-- Your objective --
Search the data below for "transfer"; list each line that holds it.

**** Data for this exercise ****

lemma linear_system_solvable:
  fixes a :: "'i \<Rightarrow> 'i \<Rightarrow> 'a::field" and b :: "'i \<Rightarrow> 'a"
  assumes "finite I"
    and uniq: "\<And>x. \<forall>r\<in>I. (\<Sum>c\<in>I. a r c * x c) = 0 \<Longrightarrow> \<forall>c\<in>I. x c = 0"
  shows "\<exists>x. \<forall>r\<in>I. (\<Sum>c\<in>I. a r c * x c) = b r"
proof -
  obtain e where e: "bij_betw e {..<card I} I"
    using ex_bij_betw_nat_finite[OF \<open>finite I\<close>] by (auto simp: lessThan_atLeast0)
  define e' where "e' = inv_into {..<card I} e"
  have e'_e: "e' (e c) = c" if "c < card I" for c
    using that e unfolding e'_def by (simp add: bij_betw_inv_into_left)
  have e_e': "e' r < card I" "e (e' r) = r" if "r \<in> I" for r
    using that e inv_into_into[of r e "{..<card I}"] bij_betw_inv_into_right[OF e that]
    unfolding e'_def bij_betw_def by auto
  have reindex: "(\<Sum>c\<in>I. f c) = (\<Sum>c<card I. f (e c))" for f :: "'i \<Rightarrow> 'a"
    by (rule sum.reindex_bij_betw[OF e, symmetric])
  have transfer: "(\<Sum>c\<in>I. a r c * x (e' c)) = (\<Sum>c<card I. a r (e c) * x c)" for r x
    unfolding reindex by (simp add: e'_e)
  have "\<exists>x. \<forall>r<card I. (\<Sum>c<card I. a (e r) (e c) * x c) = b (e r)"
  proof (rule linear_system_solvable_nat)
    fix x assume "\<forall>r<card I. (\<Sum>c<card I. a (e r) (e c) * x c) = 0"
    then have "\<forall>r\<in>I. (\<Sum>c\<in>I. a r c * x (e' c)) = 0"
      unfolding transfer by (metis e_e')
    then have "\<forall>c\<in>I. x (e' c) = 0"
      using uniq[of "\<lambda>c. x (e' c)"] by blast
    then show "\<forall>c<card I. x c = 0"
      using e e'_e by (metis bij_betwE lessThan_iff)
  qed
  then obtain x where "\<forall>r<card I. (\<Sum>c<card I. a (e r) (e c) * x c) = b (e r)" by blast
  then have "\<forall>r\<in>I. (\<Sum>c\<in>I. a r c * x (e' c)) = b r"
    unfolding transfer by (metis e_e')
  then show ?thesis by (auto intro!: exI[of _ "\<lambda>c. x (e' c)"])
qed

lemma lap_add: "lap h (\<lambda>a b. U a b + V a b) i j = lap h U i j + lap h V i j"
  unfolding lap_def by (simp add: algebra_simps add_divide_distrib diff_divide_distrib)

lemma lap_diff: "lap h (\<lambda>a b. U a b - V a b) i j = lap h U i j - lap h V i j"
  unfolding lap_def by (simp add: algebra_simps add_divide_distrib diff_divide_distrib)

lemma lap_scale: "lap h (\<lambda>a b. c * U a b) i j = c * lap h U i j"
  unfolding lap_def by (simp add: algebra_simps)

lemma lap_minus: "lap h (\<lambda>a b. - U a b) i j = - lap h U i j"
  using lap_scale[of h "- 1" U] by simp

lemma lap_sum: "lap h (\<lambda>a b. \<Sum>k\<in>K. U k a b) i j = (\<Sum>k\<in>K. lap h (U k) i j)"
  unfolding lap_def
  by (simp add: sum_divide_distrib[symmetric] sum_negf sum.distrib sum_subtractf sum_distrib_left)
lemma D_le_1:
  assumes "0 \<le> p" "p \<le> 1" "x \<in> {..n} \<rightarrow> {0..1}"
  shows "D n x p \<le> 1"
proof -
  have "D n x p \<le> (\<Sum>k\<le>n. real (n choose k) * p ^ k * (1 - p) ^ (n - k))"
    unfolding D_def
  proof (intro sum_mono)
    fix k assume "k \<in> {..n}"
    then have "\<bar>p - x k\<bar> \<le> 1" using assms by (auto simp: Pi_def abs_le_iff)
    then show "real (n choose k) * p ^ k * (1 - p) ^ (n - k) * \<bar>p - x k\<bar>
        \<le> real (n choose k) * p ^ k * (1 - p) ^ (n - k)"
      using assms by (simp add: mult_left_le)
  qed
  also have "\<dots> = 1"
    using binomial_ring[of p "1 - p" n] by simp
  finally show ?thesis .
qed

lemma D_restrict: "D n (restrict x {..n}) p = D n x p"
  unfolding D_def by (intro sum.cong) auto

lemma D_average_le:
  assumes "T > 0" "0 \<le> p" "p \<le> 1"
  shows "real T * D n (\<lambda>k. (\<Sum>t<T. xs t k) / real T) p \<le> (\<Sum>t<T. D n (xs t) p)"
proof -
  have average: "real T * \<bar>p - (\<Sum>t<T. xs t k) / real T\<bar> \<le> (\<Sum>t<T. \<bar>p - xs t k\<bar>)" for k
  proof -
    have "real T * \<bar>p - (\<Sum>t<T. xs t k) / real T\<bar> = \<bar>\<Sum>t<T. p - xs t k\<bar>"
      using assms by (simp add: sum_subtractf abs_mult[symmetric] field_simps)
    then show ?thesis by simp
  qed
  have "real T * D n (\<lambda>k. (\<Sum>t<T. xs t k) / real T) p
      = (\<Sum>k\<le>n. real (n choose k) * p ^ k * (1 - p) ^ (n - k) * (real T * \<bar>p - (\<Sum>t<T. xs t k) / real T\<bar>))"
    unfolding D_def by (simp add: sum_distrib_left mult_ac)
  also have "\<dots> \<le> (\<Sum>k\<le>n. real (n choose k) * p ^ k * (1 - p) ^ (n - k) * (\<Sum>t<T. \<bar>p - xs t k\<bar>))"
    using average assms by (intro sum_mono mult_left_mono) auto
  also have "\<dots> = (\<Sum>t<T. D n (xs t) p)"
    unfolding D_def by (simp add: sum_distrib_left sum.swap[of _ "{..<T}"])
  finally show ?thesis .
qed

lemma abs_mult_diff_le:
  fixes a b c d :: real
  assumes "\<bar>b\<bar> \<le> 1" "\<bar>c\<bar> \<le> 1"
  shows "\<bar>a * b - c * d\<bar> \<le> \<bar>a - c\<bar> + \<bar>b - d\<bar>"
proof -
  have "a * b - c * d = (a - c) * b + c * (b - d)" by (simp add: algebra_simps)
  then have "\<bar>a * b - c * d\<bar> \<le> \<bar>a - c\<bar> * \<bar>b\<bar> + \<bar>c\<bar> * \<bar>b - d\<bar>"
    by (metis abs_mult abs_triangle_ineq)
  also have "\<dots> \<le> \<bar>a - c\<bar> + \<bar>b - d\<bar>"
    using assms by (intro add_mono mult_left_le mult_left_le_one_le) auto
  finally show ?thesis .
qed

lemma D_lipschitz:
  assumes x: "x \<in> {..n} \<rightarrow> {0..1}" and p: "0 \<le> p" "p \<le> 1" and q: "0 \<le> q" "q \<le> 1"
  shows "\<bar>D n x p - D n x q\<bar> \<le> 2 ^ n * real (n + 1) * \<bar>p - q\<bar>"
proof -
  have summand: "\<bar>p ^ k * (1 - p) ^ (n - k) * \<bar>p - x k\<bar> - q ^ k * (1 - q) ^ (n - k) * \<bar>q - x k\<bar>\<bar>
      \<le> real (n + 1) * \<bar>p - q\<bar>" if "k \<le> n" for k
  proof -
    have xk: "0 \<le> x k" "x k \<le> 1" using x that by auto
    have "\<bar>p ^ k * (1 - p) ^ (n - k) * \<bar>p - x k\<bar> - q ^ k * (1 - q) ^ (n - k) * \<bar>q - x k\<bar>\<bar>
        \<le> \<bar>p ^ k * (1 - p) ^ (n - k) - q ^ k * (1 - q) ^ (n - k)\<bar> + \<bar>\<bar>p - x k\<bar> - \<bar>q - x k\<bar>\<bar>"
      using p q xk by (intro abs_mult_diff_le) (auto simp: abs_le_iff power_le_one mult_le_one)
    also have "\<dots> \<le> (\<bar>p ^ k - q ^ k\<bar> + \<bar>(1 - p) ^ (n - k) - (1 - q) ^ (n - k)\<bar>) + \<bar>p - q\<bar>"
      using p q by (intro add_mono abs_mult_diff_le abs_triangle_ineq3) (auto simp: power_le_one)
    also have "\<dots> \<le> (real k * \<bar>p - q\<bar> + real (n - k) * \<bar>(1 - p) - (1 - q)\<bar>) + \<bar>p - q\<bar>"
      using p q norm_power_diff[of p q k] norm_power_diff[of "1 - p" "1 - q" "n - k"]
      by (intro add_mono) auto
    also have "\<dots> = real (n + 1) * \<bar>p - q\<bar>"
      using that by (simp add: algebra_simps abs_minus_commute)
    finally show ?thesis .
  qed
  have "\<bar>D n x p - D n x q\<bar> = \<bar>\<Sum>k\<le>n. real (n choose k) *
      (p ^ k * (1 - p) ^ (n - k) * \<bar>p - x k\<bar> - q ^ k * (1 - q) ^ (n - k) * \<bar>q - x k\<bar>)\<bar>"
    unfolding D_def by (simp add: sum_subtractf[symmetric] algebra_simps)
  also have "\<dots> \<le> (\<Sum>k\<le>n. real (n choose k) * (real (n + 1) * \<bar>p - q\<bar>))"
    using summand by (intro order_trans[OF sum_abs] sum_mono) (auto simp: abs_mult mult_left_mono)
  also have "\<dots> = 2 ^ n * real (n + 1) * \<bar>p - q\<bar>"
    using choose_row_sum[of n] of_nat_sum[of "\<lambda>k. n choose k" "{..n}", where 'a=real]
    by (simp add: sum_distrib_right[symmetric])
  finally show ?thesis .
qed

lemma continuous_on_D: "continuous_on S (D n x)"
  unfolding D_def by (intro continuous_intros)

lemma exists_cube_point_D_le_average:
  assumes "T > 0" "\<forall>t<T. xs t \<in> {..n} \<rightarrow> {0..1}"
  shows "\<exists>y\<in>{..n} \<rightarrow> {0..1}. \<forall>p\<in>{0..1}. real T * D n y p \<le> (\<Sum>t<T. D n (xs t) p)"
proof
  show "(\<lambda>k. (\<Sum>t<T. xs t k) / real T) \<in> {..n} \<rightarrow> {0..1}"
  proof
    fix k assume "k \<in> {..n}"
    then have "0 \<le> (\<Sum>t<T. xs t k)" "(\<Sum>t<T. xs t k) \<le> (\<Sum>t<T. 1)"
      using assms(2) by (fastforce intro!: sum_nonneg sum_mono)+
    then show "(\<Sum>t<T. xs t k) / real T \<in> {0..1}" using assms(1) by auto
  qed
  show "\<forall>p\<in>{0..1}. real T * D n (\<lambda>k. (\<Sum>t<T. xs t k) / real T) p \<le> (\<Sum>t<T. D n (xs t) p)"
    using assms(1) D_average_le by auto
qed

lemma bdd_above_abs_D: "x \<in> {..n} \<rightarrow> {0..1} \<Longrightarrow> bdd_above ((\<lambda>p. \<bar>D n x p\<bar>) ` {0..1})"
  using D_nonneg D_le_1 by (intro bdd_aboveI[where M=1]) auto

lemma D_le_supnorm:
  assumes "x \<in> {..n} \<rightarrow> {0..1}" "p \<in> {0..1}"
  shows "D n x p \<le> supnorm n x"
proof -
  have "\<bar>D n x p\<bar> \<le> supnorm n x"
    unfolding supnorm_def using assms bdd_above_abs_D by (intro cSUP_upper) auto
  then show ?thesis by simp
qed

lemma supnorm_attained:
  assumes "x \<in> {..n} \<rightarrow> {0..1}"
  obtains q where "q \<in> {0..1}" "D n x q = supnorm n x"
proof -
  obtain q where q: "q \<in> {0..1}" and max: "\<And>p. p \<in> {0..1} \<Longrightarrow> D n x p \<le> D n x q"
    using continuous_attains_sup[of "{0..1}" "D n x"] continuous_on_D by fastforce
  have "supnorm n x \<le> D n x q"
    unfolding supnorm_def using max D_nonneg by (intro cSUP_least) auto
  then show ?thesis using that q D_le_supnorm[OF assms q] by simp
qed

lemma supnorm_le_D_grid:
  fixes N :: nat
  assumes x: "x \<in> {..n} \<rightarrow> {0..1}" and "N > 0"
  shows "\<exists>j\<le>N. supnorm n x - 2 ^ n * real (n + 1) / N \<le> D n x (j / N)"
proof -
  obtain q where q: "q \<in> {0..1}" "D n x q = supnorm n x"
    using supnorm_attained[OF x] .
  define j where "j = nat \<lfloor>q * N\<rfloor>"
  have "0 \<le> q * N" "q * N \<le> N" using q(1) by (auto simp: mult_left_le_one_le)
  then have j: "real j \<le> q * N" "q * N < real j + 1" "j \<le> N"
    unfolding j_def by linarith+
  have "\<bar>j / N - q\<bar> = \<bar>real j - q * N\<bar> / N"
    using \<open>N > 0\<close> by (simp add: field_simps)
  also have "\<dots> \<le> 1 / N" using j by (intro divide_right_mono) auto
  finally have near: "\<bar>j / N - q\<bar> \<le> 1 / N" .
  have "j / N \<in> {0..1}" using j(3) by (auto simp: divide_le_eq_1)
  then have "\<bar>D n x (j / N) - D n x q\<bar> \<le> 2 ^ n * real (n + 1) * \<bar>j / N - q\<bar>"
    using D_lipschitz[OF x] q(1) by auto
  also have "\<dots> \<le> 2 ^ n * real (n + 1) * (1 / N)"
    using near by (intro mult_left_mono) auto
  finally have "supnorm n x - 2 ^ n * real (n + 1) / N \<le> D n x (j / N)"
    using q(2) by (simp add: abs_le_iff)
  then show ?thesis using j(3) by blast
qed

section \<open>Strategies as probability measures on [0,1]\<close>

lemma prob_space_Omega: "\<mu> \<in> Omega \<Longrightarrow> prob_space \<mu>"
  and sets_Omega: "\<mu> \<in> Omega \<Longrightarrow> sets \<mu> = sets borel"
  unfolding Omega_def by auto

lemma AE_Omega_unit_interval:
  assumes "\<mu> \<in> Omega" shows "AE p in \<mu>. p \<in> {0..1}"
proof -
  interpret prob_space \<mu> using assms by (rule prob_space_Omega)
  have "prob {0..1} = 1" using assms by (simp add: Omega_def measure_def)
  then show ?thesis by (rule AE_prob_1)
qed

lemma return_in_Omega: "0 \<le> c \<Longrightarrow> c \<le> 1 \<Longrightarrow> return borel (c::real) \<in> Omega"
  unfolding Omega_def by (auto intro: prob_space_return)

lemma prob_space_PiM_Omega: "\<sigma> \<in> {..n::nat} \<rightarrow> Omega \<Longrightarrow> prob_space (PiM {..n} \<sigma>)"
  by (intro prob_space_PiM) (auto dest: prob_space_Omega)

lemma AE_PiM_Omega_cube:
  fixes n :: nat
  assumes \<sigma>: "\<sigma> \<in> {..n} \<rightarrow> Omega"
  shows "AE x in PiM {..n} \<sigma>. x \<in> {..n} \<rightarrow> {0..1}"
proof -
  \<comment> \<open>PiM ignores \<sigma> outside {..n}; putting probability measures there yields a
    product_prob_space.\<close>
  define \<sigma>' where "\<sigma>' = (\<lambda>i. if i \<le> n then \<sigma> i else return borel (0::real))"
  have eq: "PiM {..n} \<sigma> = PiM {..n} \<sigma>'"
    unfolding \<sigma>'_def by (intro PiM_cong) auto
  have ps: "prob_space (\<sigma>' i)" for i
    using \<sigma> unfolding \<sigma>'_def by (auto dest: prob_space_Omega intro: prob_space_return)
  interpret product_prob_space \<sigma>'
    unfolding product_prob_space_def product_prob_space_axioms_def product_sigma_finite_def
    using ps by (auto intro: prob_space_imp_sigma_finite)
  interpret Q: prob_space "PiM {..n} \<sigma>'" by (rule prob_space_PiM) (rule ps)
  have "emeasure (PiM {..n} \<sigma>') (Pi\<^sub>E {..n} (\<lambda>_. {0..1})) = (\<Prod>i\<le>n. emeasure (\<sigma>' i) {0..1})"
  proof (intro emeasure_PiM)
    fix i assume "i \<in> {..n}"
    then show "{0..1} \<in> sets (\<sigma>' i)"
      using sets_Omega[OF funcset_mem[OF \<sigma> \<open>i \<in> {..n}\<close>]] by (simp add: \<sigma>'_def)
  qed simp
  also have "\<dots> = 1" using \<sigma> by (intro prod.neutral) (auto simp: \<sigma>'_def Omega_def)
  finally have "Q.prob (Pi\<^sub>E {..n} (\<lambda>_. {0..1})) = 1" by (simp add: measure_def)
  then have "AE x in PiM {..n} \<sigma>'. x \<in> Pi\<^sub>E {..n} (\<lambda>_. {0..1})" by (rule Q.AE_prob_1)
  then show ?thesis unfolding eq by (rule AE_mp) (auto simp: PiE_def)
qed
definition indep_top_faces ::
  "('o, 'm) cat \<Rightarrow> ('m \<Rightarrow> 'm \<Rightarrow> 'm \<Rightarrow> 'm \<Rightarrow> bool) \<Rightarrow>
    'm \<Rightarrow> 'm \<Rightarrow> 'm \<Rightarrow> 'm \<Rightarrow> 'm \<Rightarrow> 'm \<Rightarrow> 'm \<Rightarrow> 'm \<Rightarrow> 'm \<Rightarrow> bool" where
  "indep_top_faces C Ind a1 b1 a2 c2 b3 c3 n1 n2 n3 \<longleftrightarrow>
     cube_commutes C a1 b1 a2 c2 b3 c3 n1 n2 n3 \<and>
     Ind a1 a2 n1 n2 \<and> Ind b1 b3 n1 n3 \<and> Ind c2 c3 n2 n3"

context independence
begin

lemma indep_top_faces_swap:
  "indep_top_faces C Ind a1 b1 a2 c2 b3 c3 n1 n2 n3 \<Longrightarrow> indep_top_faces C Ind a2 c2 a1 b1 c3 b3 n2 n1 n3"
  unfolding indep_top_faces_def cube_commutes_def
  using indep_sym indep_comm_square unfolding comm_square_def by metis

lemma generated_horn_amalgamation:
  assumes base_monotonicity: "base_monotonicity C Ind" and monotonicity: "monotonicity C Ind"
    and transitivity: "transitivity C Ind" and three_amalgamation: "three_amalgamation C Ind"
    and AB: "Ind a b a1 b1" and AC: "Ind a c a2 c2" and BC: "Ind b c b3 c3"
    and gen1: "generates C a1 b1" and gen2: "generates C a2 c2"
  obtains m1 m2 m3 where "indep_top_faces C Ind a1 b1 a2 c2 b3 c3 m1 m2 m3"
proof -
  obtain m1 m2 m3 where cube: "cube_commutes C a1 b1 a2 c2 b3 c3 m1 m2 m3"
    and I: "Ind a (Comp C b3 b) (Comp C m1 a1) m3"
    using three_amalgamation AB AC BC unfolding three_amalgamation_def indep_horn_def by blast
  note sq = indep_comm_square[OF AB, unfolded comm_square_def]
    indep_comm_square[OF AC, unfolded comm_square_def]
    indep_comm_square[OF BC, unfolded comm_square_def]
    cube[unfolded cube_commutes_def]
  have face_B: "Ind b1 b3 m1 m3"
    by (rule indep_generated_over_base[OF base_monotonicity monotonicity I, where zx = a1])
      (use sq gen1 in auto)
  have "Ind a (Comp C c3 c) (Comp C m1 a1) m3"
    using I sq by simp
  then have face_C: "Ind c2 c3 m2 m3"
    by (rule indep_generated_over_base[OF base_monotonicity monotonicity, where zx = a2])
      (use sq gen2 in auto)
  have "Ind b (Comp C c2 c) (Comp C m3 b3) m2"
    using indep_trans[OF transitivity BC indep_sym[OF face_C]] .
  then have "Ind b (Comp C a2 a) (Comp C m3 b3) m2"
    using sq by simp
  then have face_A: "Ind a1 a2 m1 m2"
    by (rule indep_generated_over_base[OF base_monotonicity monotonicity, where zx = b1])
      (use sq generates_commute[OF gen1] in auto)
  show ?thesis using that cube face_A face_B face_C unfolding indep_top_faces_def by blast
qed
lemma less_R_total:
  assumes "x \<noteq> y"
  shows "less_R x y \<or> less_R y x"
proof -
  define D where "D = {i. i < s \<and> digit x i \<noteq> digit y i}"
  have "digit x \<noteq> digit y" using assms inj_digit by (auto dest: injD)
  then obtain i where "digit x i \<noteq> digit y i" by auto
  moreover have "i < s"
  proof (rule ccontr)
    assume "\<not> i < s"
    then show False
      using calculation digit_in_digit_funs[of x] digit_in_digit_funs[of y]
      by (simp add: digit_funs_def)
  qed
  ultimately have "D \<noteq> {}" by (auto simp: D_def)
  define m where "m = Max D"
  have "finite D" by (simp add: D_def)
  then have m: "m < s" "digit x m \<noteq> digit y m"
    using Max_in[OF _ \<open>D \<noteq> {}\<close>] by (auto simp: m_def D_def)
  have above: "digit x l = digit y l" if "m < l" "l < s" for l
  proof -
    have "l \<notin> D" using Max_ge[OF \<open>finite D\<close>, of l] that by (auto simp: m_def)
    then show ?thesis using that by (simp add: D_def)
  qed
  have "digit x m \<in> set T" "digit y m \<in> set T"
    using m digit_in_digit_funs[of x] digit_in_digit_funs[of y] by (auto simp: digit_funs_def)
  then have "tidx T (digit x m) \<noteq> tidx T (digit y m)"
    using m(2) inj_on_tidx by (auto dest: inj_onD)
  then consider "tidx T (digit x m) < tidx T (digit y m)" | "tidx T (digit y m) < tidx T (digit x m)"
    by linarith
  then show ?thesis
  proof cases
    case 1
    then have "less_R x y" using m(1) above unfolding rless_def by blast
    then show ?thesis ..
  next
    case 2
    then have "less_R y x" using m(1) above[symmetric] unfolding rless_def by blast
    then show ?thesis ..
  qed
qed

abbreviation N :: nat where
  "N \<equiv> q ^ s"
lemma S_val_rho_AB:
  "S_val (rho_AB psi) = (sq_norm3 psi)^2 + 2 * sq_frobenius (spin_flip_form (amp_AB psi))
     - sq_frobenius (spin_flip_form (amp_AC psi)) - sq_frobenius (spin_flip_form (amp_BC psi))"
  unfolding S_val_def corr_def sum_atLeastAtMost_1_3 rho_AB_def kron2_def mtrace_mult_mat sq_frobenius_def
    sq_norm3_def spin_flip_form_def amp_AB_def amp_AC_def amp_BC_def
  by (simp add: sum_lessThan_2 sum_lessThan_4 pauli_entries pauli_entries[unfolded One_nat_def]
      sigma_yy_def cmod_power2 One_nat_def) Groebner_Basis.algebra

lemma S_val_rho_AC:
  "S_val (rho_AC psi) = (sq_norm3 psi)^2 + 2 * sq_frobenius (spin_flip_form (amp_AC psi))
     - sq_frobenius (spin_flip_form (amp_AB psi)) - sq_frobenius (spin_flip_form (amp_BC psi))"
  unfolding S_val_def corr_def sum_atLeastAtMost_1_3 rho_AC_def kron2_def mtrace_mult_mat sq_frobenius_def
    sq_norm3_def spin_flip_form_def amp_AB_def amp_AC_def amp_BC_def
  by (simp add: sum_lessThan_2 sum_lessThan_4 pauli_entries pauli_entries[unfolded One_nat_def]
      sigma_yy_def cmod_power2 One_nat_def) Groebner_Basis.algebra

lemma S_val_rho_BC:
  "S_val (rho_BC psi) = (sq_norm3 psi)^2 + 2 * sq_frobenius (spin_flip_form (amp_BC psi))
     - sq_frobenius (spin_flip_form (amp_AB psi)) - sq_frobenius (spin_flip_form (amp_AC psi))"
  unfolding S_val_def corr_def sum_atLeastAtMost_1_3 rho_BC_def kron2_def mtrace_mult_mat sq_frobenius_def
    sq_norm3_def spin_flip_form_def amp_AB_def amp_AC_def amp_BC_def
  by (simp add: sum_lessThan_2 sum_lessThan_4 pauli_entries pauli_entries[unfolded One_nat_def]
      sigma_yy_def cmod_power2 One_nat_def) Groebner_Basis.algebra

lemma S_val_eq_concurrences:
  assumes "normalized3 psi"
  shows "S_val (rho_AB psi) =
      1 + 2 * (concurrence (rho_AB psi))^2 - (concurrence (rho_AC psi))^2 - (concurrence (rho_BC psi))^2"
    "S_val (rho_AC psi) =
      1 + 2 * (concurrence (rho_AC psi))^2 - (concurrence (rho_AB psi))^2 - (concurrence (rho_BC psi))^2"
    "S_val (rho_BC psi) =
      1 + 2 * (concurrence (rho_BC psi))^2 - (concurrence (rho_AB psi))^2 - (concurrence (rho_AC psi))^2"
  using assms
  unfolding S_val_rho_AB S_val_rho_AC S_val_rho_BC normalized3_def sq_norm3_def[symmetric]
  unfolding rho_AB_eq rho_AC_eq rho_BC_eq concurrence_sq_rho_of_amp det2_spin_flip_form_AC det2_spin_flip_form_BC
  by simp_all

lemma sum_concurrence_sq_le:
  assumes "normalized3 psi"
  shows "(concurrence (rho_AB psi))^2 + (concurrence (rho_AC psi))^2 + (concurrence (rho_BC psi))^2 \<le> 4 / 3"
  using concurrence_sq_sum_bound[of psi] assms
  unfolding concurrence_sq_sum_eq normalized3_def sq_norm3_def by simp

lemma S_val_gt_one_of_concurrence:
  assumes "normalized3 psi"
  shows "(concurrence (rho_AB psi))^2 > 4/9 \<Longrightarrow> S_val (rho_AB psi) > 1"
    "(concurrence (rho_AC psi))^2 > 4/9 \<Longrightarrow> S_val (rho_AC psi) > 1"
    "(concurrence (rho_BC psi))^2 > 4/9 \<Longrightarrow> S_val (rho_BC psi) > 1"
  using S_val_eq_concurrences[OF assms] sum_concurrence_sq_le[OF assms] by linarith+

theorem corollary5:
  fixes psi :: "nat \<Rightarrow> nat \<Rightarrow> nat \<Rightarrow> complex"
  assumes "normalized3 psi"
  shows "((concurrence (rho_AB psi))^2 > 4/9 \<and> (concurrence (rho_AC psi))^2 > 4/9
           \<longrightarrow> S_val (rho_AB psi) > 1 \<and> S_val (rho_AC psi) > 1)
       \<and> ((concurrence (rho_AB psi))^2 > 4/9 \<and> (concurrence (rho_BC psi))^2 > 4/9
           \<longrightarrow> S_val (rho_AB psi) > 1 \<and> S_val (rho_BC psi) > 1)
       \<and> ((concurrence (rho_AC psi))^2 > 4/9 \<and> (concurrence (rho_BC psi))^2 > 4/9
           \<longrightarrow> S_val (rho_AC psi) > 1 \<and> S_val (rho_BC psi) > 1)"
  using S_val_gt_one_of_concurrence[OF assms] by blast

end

****

-- Written solution --
  have transfer: "(\<Sum>c\<in>I. a r c * x (e' c)) = (\<Sum>c<card I. a r (e c) * x c)" for r x
      unfolding transfer by (metis e_e')
    unfolding transfer by (metis e_e')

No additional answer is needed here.